The Data Integration Service connects to the source or target database through JDBC drivers. When you configure the connection to a secure repository database, you must include the secure connection parameters in the JDBC connection string.
1. Set up a database secured with the SSL protocol to use as a source or target.
2. In the Administrator tool, create a connection.
3. In the New Connection dialog box, select the connection type. and click OK.
You can create a connection to a secure DB2, Microsoft SQL Server, or Oracle database.
4. In the New Connection - Step 1 of 3 dialog box, enter the properties for the connection and click Next.
5. In the New Connection - Step 2 of 3 page, enter the connection string to the database.
To connect to a secure database, enter the secure database parameters in the Advanced JDBC Security Options field. Informatica treats the value of the Advanced JDBC Security Options field as sensitive data and stores the parameter string encrypted.
The following list describes the secure database parameters:
- EncryptionMethod
Required. Indicates whether data is encrypted when transmitted over the network. This parameter must be set to SSL.
- ValidateServerCertificate
Optional. Indicates whether Informatica validates the certificate that the database server sends.
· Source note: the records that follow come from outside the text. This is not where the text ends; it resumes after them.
text \<open>By the identity theorem a nonzero analytic function cannot vanish on a nonempty open set, and
  by continuity its non-vanishing set is open.\<close>

lemma real_analytic_conditions_on_open_subset:
  fixes R :: "'k \<Rightarrow> real^'i \<Rightarrow> bool"
  assumes "finite P"
    and witness: "\<And>p. p \<in> P \<Longrightarrow>
      \<exists>g. real_analytic g \<and> (\<exists>x. g x \<noteq> 0) \<and> (\<forall>x. g x \<noteq> 0 \<longrightarrow> R p x)"
    and "open V" "V \<noteq> {}"
  shows "\<exists>V'. open V' \<and> V' \<noteq> {} \<and> V' \<subseteq> V \<and> (\<forall>x\<in>V'. \<forall>p\<in>P. R p x)"
  using assms
proof (induction P rule: finite_induct)
  case empty then show ?case by blast
next
  case (insert p P)
  have "\<exists>V1. open V1 \<and> V1 \<noteq> {} \<and> V1 \<subseteq> V \<and> (\<forall>x\<in>V1. \<forall>q\<in>P. R q x)"
    by (rule insert.IH) (use insert.prems in auto)
  then obtain V1 where V1: "open V1" "V1 \<noteq> {}" "V1 \<subseteq> V" "\<forall>x\<in>V1. \<forall>q\<in>P. R q x"
    by blast
  obtain g where g: "real_analytic g" "\<exists>x. g x \<noteq> 0" "\<forall>x. g x \<noteq> 0 \<longrightarrow> R p x"
    using insert.prems(1) by blast
  obtain x1 where "x1 \<in> V1" "g x1 \<noteq> 0"
    using real_analytic_identity[OF g(1) V1(1)] V1(2) g(2) by blast
  moreover have "open {x. g x \<noteq> 0}"
    using real_analytic_continuous[OF g(1)] by (intro open_Collect_neq continuous_intros)
      (auto simp: continuous_on_eq_continuous_at)
  ultimately show ?case
    using V1 g(3) by (intro exI[of _ "V1 \<inter> {x. g x \<noteq> 0}"]) auto
qed

lemma analytic_params_inj_on_open_subset:
  fixes mf :: "real^'n \<Rightarrow> 'b \<Rightarrow> real^'m" and Sf :: "real^'n \<Rightarrow> 'b \<Rightarrow> real^'m^'m"
  assumes an: "\<forall>\<beta>. analytic_vec (\<lambda>x. mf x \<beta>) \<and> analytic_mat (\<lambda>x. Sf x \<beta>)"
    and distinct: "\<And>\<beta> \<beta>'. \<beta> \<noteq> \<beta>' \<Longrightarrow> \<exists>x. (mf x \<beta>, Sf x \<beta>) \<noteq> (mf x \<beta>', Sf x \<beta>')"
    and "finite B0" "open V" "V \<noteq> {}"
  shows "\<exists>V'. open V' \<and> V' \<noteq> {} \<and> V' \<subseteq> V \<and> (\<forall>x\<in>V'. inj_on (\<lambda>\<beta>. (mf x \<beta>, Sf x \<beta>)) B0)"
proof -
  define P where "P = {(\<beta>, \<beta>'). \<beta> \<in> B0 \<and> \<beta>' \<in> B0 \<and> \<beta> \<noteq> \<beta>'}"
  define R where "R p x \<longleftrightarrow> (mf x (fst p), Sf x (fst p)) \<noteq> (mf x (snd p), Sf x (snd p))" for p x
  have "P \<subseteq> B0 \<times> B0" unfolding P_def by auto
  then have "finite P" using \<open>finite B0\<close> finite_subset by blast
  moreover have "\<exists>g. real_analytic g \<and> (\<exists>x. g x \<noteq> 0) \<and> (\<forall>x. g x \<noteq> 0 \<longrightarrow> R p x)" if "p \<in> P" for p
  proof -
    have "fst p \<noteq> snd p" using \<open>p \<in> P\<close> unfolding P_def by auto
    then obtain x where "(mf x (fst p), Sf x (fst p)) \<noteq> (mf x (snd p), Sf x (snd p))"
      using distinct by blast
    then consider j where "mf x (fst p) $ j \<noteq> mf x (snd p) $ j"
      | k j where "Sf x (fst p) $ k $ j \<noteq> Sf x (snd p) $ k $ j"
      by (auto simp: vec_eq_iff)
    then show ?thesis
    proof cases
      case (1 j)
      then show ?thesis using an unfolding R_def analytic_vec_def
        by (intro exI[of _ "\<lambda>x. mf x (fst p) $ j - mf x (snd p) $ j"]) (auto intro: real_analytic_diff)
    next
      case (2 k j)
      then show ?thesis using an unfolding R_def analytic_mat_def
        by (intro exI[of _ "\<lambda>x. Sf x (fst p) $ k $ j - Sf x (snd p) $ k $ j"]) (auto intro: real_analytic_diff)
    qed
  qed
  ultimately obtain V' where V': "open V'" "V' \<noteq> {}" "V' \<subseteq> V" "\<forall>x\<in>V'. \<forall>p\<in>P. R p x"
    using real_analytic_conditions_on_open_subset[of P R V] assms(4,5) by blast
  have "inj_on (\<lambda>\<beta>. (mf x \<beta>, Sf x \<beta>)) B0" if "x \<in> V'" for x
    using V'(4) that unfolding P_def R_def by (auto intro: inj_onI)
  with V'(1-3) show ?thesis by blast
qed

section \<open>Identifiability of the switching model\<close>

definition lag_block :: "real^('m::finite \<times> 'l::finite) \<Rightarrow> 'l \<Rightarrow> real^'m" where
  "lag_block x l = (\<chi> j. x $ (j, l))"

lemma lag_block_lag_vec: "lag_block (lag_vec lagidx z t) l = z (t - lagidx l)"
  by (simp add: lag_block_def lag_vec_def vec_eq_iff)

lemma open_lag_box:
  assumes "\<And>l. open (U l)"
  shows "open {x :: real^('m::finite \<times> 'l::finite). \<forall>l. lag_block x l \<in> U l}"
proof -
  have "open ((\<lambda>x :: real^('m \<times> 'l). lag_block x l) -` U l)" for l
    unfolding lag_block_def by (intro open_vimage assms continuous_intros)
  moreover have "{x :: real^('m \<times> 'l). \<forall>l. lag_block x l \<in> U l} = (\<Inter>l. (\<lambda>x. lag_block x l) -` U l)"
    by auto
  ultimately show ?thesis by (simp add: open_INT)
qed

lemma lag_box_nonempty:
  assumes "\<And>l. U l \<noteq> {}"
  shows "\<exists>x :: real^('m::finite \<times> 'l::finite). \<forall>l. lag_block x l \<in> U l"
proof -
  have "\<forall>l. \<exists>v. v \<in> U l" using assms by blast
  then obtain u where "\<forall>l. u l \<in> U l" by (rule choice[THEN exE])
  then show ?thesis
    by (intro exI[of _ "\<chi> p. u (snd p) $ fst p"]) (simp add: lag_block_def vec_eq_iff)
qed

lemma dist_lt_if_lag_blocks_close:
  fixes x x0 :: "real^('m::finite \<times> 'l::finite)"
  assumes close: "\<And>l. dist (lag_block x l) (lag_block x0 l) < e / CARD('m \<times> 'l)"
  shows "dist x x0 < e"
proof -
  have "\<bar>(x - x0) $ (j, l)\<bar> < e / CARD('m \<times> 'l)" for j l
    using component_le_norm_cart[of "lag_block x l - lag_block x0 l" j] close[of l]
    by (simp add: lag_block_def dist_norm)
  then have "(\<Sum>p\<in>UNIV. \<bar>(x - x0) $ p\<bar>) < (\<Sum>p\<in>(UNIV :: ('m \<times> 'l) set). e / CARD('m \<times> 'l))"
    by (intro sum_strict_mono) auto
  then show ?thesis using norm_le_l1_cart[of "x - x0"] by (simp add: dist_norm)
qed

definition regime_path :: "nat \<Rightarrow> nat \<Rightarrow> ('i \<Rightarrow> 'a) \<Rightarrow> ('i \<Rightarrow> nat \<Rightarrow> 'b) \<Rightarrow> 'i \<Rightarrow> 'a \<times> (nat \<Rightarrow> 'b)"
  where "regime_path M T a b i = (a i, restrict (b i) {M+1..T})"

lemma regime_path_eq_iff:
  "regime_path M T a b i = regime_path M T a' b' j \<longleftrightarrow> a i = a' j \<and> (\<forall>t\<in>{M+1..T}. b i t = b' j t)"
  by (auto simp: regime_path_def restrict_def fun_eq_iff)

locale msm_model =
  fixes mu :: "'a \<Rightarrow> real^('m::finite \<times> 'l::finite)"
    and S1 :: "'a \<Rightarrow> real^('m \<times> 'l)^('m \<times> 'l)"
    and mf :: "real^('m \<times> 'l) \<Rightarrow> 'b \<Rightarrow> real^'m"
    and Sf :: "real^('m \<times> 'l) \<Rightarrow> 'b \<Rightarrow> real^'m^'m"
    and lagidx :: "'l \<Rightarrow> nat" and M :: nat
  assumes lagidx_bij: "bij_betw lagidx UNIV {1..M}"
    and S1_posdef: "\<And>\<alpha>. posdef (S1 \<alpha>)"
    and Sf_posdef: "\<And>x \<beta>. posdef (Sf x \<beta>)"
    and init_params_inj: "inj (\<lambda>\<alpha>. (mu \<alpha>, S1 \<alpha>))"
    and trans_params_analytic: "\<forall>\<beta>. analytic_vec (\<lambda>x. mf x \<beta>) \<and> analytic_mat (\<lambda>x. Sf x \<beta>)"
    and trans_params_distinct: "\<And>\<beta> \<beta>'. \<beta> \<noteq> \<beta>' \<Longrightarrow> \<exists>x. (mf x \<beta>, Sf x \<beta>) \<noteq> (mf x \<beta>', Sf x \<beta>')"
begin

lemma lagidx_inj: "inj lagidx"
  using lagidx_bij by (simp add: bij_betw_def)

lemma lagidx_bounds: "1 \<le> lagidx l" "lagidx l \<le> M"
  using lagidx_bij by (auto simp: bij_betw_def)

lemma lagidx_surj: "t \<in> {1..M} \<Longrightarrow> \<exists>l. lagidx l = t"
  using lagidx_bij unfolding bij_betw_def by (metis rangeE)

definition path_density :: "nat \<Rightarrow> 'a \<Rightarrow> (nat \<Rightarrow> 'b) \<Rightarrow> (nat \<Rightarrow> real^'m) \<Rightarrow> real" where
  "path_density n \<alpha> \<beta> z = gauss (mu \<alpha>) (S1 \<alpha>) (init_vec lagidx z) *
     (\<Prod>t\<in>{M+1..n}. gauss (mf (lag_vec lagidx z t) (\<beta> t)) (Sf (lag_vec lagidx z t) (\<beta> t)) (z t))"

lemma msm_density_eq_sum_path_density:
  "msm_density mu S1 mf Sf lagidx M T C c a b z = (\<Sum>i\<in>{1..C}. c i * path_density T (a i) (b i) z)"
  by (simp add: msm_density_def path_density_def mult.assoc)

lemma path_density_M: "path_density M \<alpha> \<beta> z = gauss (mu \<alpha>) (S1 \<alpha>) (init_vec lagidx z)"
  by (simp add: path_density_def)

lemma path_density_cong:
  assumes "M \<le> n" and "\<And>t. t \<in> {1..n} \<Longrightarrow> z t = z' t"
  shows "path_density n \<alpha> \<beta> z = path_density n \<alpha> \<beta> z'"
proof -
  have "z (lagidx l) = z' (lagidx l)" for l
    using assms lagidx_bounds[of l] by auto
  then have "init_vec lagidx z = init_vec lagidx z'" unfolding init_vec_def by simp
  moreover have "lag_vec lagidx z t = lag_vec lagidx z' t" if "t \<in> {M+1..n}" for t
  proof -
    have "t - lagidx l \<in> {1..n}" for l
      using that lagidx_bounds[of l] by auto
    then show ?thesis using assms(2) unfolding lag_vec_def by simp
  qed
  moreover have "z t = z' t" if "t \<in> {M+1..n}" for t
    using assms(2) that by simp
  ultimately show ?thesis
    unfolding path_density_def by (intro arg_cong2[where f = "(*)"] prod.cong refl) simp_all
qed

lemma path_density_Suc:
  assumes "M \<le> n"
  shows "path_density (Suc n) \<alpha> \<beta> z = path_density n \<alpha> \<beta> z *
    gauss (mf (lag_vec lagidx z (Suc n)) (\<beta> (Suc n))) (Sf (lag_vec lagidx z (Suc n)) (\<beta> (Suc n))) (z (Suc n))"
  using assms by (simp add: path_density_def mult.assoc)

lemma path_density_Suc_fun_upd:
  assumes "M \<le> n"
  shows "path_density (Suc n) \<alpha> \<beta> (z(Suc n := y)) = path_density n \<alpha> \<beta> z *
    gauss (mf (lag_vec lagidx z (Suc n)) (\<beta> (Suc n))) (Sf (lag_vec lagidx z (Suc n)) (\<beta> (Suc n))) y"
proof -
  have "Suc n - lagidx l \<noteq> Suc n" for l
    using lagidx_bounds[of l] by arith
  then have "lag_vec lagidx (z(Suc n := y)) (Suc n) = lag_vec lagidx z (Suc n)"
    unfolding lag_vec_def by simp
  moreover have "path_density n \<alpha> \<beta> (z(Suc n := y)) = path_density n \<alpha> \<beta> z"
    using assms by (intro path_density_cong) auto
  ultimately show ?thesis
    using assms by (simp add: path_density_Suc)
qed

lemma init_densities_grouped_independent:
  fixes I :: "'k set"
  assumes "finite I" and U: "\<And>t. open (U t)" "\<And>t. U t \<noteq> {}"
    and zero: "\<And>z. \<forall>t\<in>{1..M}. z t \<in> U t \<Longrightarrow>
      (\<Sum>j\<in>I. d j * gauss (mu (A j)) (S1 (A j)) (init_vec lagidx z)) = 0"
    and "i \<in> I"
  shows "(\<Sum>j\<in>{j\<in>I. A j = A i}. d j) = 0"
proof -
  define W where "W = {w. \<forall>l. lag_block w l \<in> U (lagidx l)}"
  define p where "p j = (mu (A j), S1 (A j))" for j
  have zero_W: "\<forall>w\<in>W. (\<Sum>j\<in>I. d j * gauss (fst (p j)) (snd (p j)) w) = 0"
  proof
    fix w assume "w \<in> W"
    define z where "z t = lag_block w (inv lagidx t)" for t
    have "init_vec lagidx z = w"
      unfolding z_def init_vec_def lag_block_def by (simp add: vec_eq_iff inv_f_f[OF lagidx_inj])
    moreover have "z t \<in> U t" if "t \<in> {1..M}" for t
      using lagidx_surj[OF that] \<open>w \<in> W\<close> unfolding z_def W_def by (auto simp: inv_f_f[OF lagidx_inj])
    ultimately show "(\<Sum>j\<in>I. d j * gauss (fst (p j)) (snd (p j)) w) = 0"
      using zero unfolding p_def by fastforce
  qed
  have "open W" unfolding W_def using U(1) by (rule open_lag_box)
  moreover obtain w0 where "w0 \<in> W"
    using lag_box_nonempty[of "\<lambda>l. U (lagidx l)"] U(2) unfolding W_def by blast
  moreover have "\<forall>j\<in>I. posdef (snd (p j))" by (simp add: p_def S1_posdef)
  ultimately have "\<forall>i\<in>I. (\<Sum>j\<in>{j\<in>I. p j = p i}. d j) = 0"
    using gauss_linear_independent_grouped[OF \<open>finite I\<close> _ _ _ zero_W] by blast
  then have "(\<Sum>j\<in>{j\<in>I. p j = p i}. d j) = 0" using \<open>i \<in> I\<close> by blast
  moreover have "p j = p i \<longleftrightarrow> A j = A i" for j
    using injD[OF init_params_inj, of "A j" "A i"] unfolding p_def by auto
  ultimately show ?thesis by simp
qed
lemma E8neg_dvd_coords:
  fixes z :: vec
  assumes "\<And>k. k < 8 \<Longrightarrow> m dvd (\<Sum>i<8. z i * snd E8neg i k)" and "i < 8"
  shows "m dvd z i"
proof -
  have col: "(\<Sum>i<8. z i * snd E8neg i k) = z 0 * snd E8neg 0 k + z 1 * snd E8neg 1 k
      + z 2 * snd E8neg 2 k + z 3 * snd E8neg 3 k + z 4 * snd E8neg 4 k + z 5 * snd E8neg 5 k
      + z 6 * snd E8neg 6 k + z 7 * snd E8neg 7 k" for k
    by (simp add: eval_nat_numeral)
  have lin: "m dvd c0 * q0 + c1 * q1 + c2 * q2 + c3 * q3 + c4 * q4 + c5 * q5 + c6 * q6 + c7 * q7"
    if "m dvd q0" "m dvd q1" "m dvd q2" "m dvd q3" "m dvd q4" "m dvd q5" "m dvd q6" "m dvd q7"
    for c0 c1 c2 c3 c4 c5 c6 c7 q0 q1 q2 q3 q4 q5 q6 q7 :: int
    by (intro dvd_add dvd_mult that)
  have "m dvd -2 * z 0 + z 1" "m dvd z 0 - 2 * z 1 + z 2" "m dvd z 1 - 2 * z 2 + z 3"
    "m dvd z 2 - 2 * z 3 + z 4" "m dvd z 3 - 2 * z 4 + z 5 + z 7" "m dvd z 4 - 2 * z 5 + z 6"
    "m dvd z 5 - 2 * z 6" "m dvd z 4 - 2 * z 7"
    using assms(1)[of 0] assms(1)[of 1] assms(1)[of 2] assms(1)[of 3] assms(1)[of 4]
      assms(1)[of 5] assms(1)[of 6] assms(1)[of 7]
    unfolding col by (simp_all add: E8neg_def e8_adj_def algebra_simps)
  note combination = lin[OF this]
  text \<open>The coefficients are the rows of the inverse of the E8 Cartan matrix.\<close>
  from \<open>i < 8\<close> consider "i = 0" | "i = 1" | "i = 2" | "i = 3" | "i = 4" | "i = 5" | "i = 6" | "i = 7"
    by linarith
  then show ?thesis
  proof cases
    case 1 show ?thesis using combination[of "-2" "-3" "-4" "-5" "-6" "-4" "-2" "-3"] 1 by (simp add: algebra_simps)
  next
    case 2 show ?thesis using combination[of "-3" "-6" "-8" "-10" "-12" "-8" "-4" "-6"] 2 by (simp add: algebra_simps)
  next
    case 3 show ?thesis using combination[of "-4" "-8" "-12" "-15" "-18" "-12" "-6" "-9"] 3 by (simp add: algebra_simps)
  next
    case 4 show ?thesis using combination[of "-5" "-10" "-15" "-20" "-24" "-16" "-8" "-12"] 4 by (simp add: algebra_simps)
  next
    case 5 show ?thesis using combination[of "-6" "-12" "-18" "-24" "-30" "-20" "-10" "-15"] 5 by (simp add: algebra_simps)
  next
    case 6 show ?thesis using combination[of "-4" "-8" "-12" "-16" "-20" "-14" "-7" "-10"] 6 by (simp add: algebra_simps)
  next
    case 7 show ?thesis using combination[of "-2" "-4" "-6" "-8" "-10" "-7" "-4" "-5"] 7 by (simp add: algebra_simps)
  next
    case 8 show ?thesis using combination[of "-3" "-6" "-9" "-12" "-15" "-10" "-5" "-8"] 8 by (simp add: algebra_simps)
  qed
qed
lemma pmat_mul_swap: "i < 2 \<Longrightarrow> j < 2 \<Longrightarrow> pmat_mul a c i j = pauli_sign a c * pmat_mul c a i j"
  by (cases a; cases c) (auto simp: pmat_mul_def pauli_sign_def less_2_cases_iff)

lemma mmul_sigma:
  "mmul n (sigma n p) (sigma n q) i j =
    (if i < 2^n \<and> j < 2^n
     then \<Prod>t<n. pmat_mul (p!t) (q!t) (i div 2^t mod 2) (j div 2^t mod 2) else 0)"
proof (cases "i < 2^n \<and> j < 2^n")
  case True
  then have "mmul n (sigma n p) (sigma n q) i j = (\<Sum>l<2^n. \<Prod>t<n.
      pmat (p!t) (i div 2^t mod 2) (l div 2^t mod 2) * pmat (q!t) (l div 2^t mod 2) (j div 2^t mod 2))"
    by (simp add: mmul_def sigma_def prod.distrib)
  with True show ?thesis
    by (simp add: sum_prod_bits[of "\<lambda>t c. pmat (p!t) (i div 2^t mod 2) c * pmat (q!t) c (j div 2^t mod 2)"]
        pmat_mul_def)
qed (auto simp: mmul_def sigma_def)

lemma prod_pauli_sign_cases:
  "(\<Prod>t<(n::nat). pauli_sign (f t) (g t)) = 1 \<or> (\<Prod>t<n. pauli_sign (f t) (g t)) = -1"
  by (induction n) (auto simp: pauli_sign_def)

lemma mmul_sigma_swap:
  "mmul n (sigma n p) (sigma n q) i j = (\<Prod>t<n. pauli_sign (p!t) (q!t)) * mmul n (sigma n q) (sigma n p) i j"
  unfolding mmul_sigma by (auto simp: prod.distrib[symmetric] intro!: prod.cong pmat_mul_swap)

lemma sigma_commute:
  assumes "\<not> anticommute n p q"
  shows "mmul n (sigma n p) (sigma n q) = mmul n (sigma n q) (sigma n p)"
proof -
  let ?s = "\<Prod>t<n. pauli_sign (p!t) (q!t)"
  have "?s \<noteq> -1"
  proof
    assume "?s = -1"
    then have "anticommute n p q"
      unfolding anticommute_def by (intro ext) (simp add: mmul_sigma_swap[of n p q])
    with assms show False ..
  qed
  then have "?s = 1" using prod_pauli_sign_cases by blast
  then show ?thesis by (intro ext) (simp add: mmul_sigma_swap[of n p q])
qed

lemma not_anticommute_self: "\<not> anticommute n p p"
proof
  assume anti: "anticommute n p p"
  have "pmat_mul a a 0 0 = 1" for a by (cases a) (simp_all add: pmat_mul_def)
  then have "mmul n (sigma n p) (sigma n p) 0 0 = 1" by (simp add: mmul_sigma)
  moreover have "mmul n (sigma n p) (sigma n p) 0 0 = - mmul n (sigma n p) (sigma n p) 0 0"
    using anti unfolding anticommute_def by (metis uminus_apply)
  ultimately show False by simp
qed

lemma anticommute_sym: "anticommute n p q \<Longrightarrow> anticommute n q p"
  unfolding anticommute_def by (metis minus_minus)

lemma mmul_hterm:
  "mmul n (hterm n b p) (hterm n b q) i j = complex_of_real (b p * b q) * mmul n (sigma n p) (sigma n q) i j"
  unfolding mmul_def hterm_def by (auto simp: sum_distrib_left mult_ac)

lemma hterm_commute:
  assumes "\<not> anticommute n p q"
  shows "mmul n (hterm n b p) (hterm n b q) = mmul n (hterm n b q) (hterm n b p)"
  by (intro ext) (simp add: mmul_hterm sigma_commute[OF assms] mult.commute)

lemma hterm_anticommute:
  "anticommute n p q \<Longrightarrow> mmul n (hterm n b p) (hterm n b q) = - mmul n (hterm n b q) (hterm n b p)"
  unfolding anticommute_def by (intro ext) (simp add: mmul_hterm mult.commute)

definition hlist_prod :: "nat \<Rightarrow> (pauli list \<Rightarrow> real) \<Rightarrow> pauli list list \<Rightarrow> cmat" where
  "hlist_prod n b xs = foldr (mmul n) (map (hterm n b) xs) (ident n)"

lemma hlist_prod_Nil [simp]: "hlist_prod n b [] = ident n"
  by (simp add: hlist_prod_def)

lemma hlist_prod_Cons [simp]: "hlist_prod n b (x # xs) = mmul n (hterm n b x) (hlist_prod n b xs)"
  by (simp add: hlist_prod_def)

lemma mat_supported_hlist_prod: "mat_supported n (hlist_prod n b xs)"
  by (induction xs) (simp_all add: mat_supported_ident mat_supported_mmul mat_supported_hterm)

lemma hlist_prod_append: "hlist_prod n b (xs @ ys) = mmul n (hlist_prod n b xs) (hlist_prod n b ys)"
  by (induction xs) (simp_all add: mmul_ident_left mat_supported_hlist_prod mmul_assoc)

lemma hterm_hlist_prod_commute:
  assumes "\<forall>y\<in>set ys. \<not> anticommute n x y"
  shows "mmul n (hterm n b x) (hlist_prod n b ys) = mmul n (hlist_prod n b ys) (hterm n b x)"
  using assms
proof (induction ys)
  case Nil
  then show ?case by (simp add: mmul_ident_left mmul_ident_right mat_supported_hterm)
next
  case (Cons y ys)
  have "mmul n (hterm n b x) (hlist_prod n b (y # ys))
      = mmul n (mmul n (hterm n b x) (hterm n b y)) (hlist_prod n b ys)"
    by (simp add: mmul_assoc)
  also have "\<dots> = mmul n (hterm n b y) (mmul n (hterm n b x) (hlist_prod n b ys))"
    using Cons.prems hterm_commute[of n x y b] by (simp add: mmul_assoc)
  also have "\<dots> = mmul n (hlist_prod n b (y # ys)) (hterm n b x)"
    using Cons by (simp add: mmul_assoc)
  finally show ?case .
qed

lemma hlist_prod_perm:
  assumes "distinct xs" "distinct ys" "set xs = set ys"
    and "\<forall>p\<in>set xs. \<forall>q\<in>set xs. \<not> anticommute n p q"
  shows "hlist_prod n b xs = hlist_prod n b ys"
  using assms
proof (induction xs arbitrary: ys)
  case (Cons x xs)
  then obtain ys1 ys2 where ys: "ys = ys1 @ x # ys2"
    by (metis list.set_intros(1) split_list)
  have set_xs: "set xs = set (ys1 @ ys2)"
    using Cons.prems unfolding ys by auto
  have "mmul n (hterm n b x) (hlist_prod n b ys1) = mmul n (hlist_prod n b ys1) (hterm n b x)"
    using Cons.prems unfolding ys by (intro hterm_hlist_prod_commute) auto
  then have "hlist_prod n b ys = mmul n (hterm n b x) (hlist_prod n b (ys1 @ ys2))"
    unfolding ys hlist_prod_append hlist_prod_Cons by (metis mmul_assoc)
  also have "hlist_prod n b (ys1 @ ys2) = hlist_prod n b xs"
    using Cons.prems set_xs unfolding ys by (intro Cons.IH[symmetric]) auto
  finally show ?case by simp
qed simp

lemma hprod_eq_hlist_prod:
  assumes "distinct xs" "set xs = S" "\<forall>p\<in>S. \<forall>q\<in>S. \<not> anticommute n p q"
  shows "hprod n b S = hlist_prod n b xs"
proof -
  let ?ys = "SOME xs. set xs = S \<and> distinct xs"
  have "set ?ys = S \<and> distinct ?ys"
    by (rule someI_ex) (use assms in blast)
  then show ?thesis
    unfolding hprod_def hlist_prod_def[symmetric] using assms by (intro hlist_prod_perm) auto
qed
If this parameter is set to True, Informatica validates the certificate that the database server sends. If you specify the HostNameInCertificate parameter, Informatica also validates the host name in the certificate.
If this parameter is set to False, Informatica does not validate the certificate that the database server sends. Informatica ignores any truststore information that you specify.
Default is True.
- HostNameInCertificate
Optional. Host name of the machine that hosts the secure database. If you specify a host name, Informatica validates the host name included in the connection string against the host name in the SSL certificate.
- TrustStore
- Required. Path and file name of the truststore file that contains the SSL certificate for the database.
- TrustStorePassword
- Required. Password for the truststore file for the secure database.
Note: Informatica appends the secure JDBC parameters to the connection string. If you include the secure JDBC parameters directly to the connection string, do not enter any parameters in the Advanced JDBC Security Options field.
6. Test the connection to verify that the connection to the secure database is valid.
7. Complete the process to create the relational connection.
PowerCenter Sources and Targets
When you create a connection object for a PowerCenter session, you can define a connection to a database secured with the SSL protocol.
You can connect to relational PowerCenter sources and targets through native connectivity or ODBC drivers.
If you connect to a secure relational source or target through native connectivity, verify that the database client contains the connection information for the secure database. For example, if you connect to a PowerCenter target on a secure Oracle database, configure the Oracle database client file tnsnames.ora with the connection information for the secure database.
If you connect to a secure relational source or target through ODBC drivers, verify that the database client contains the connection information for the secure database and the ODBC data source correctly defines the connection to the secure database.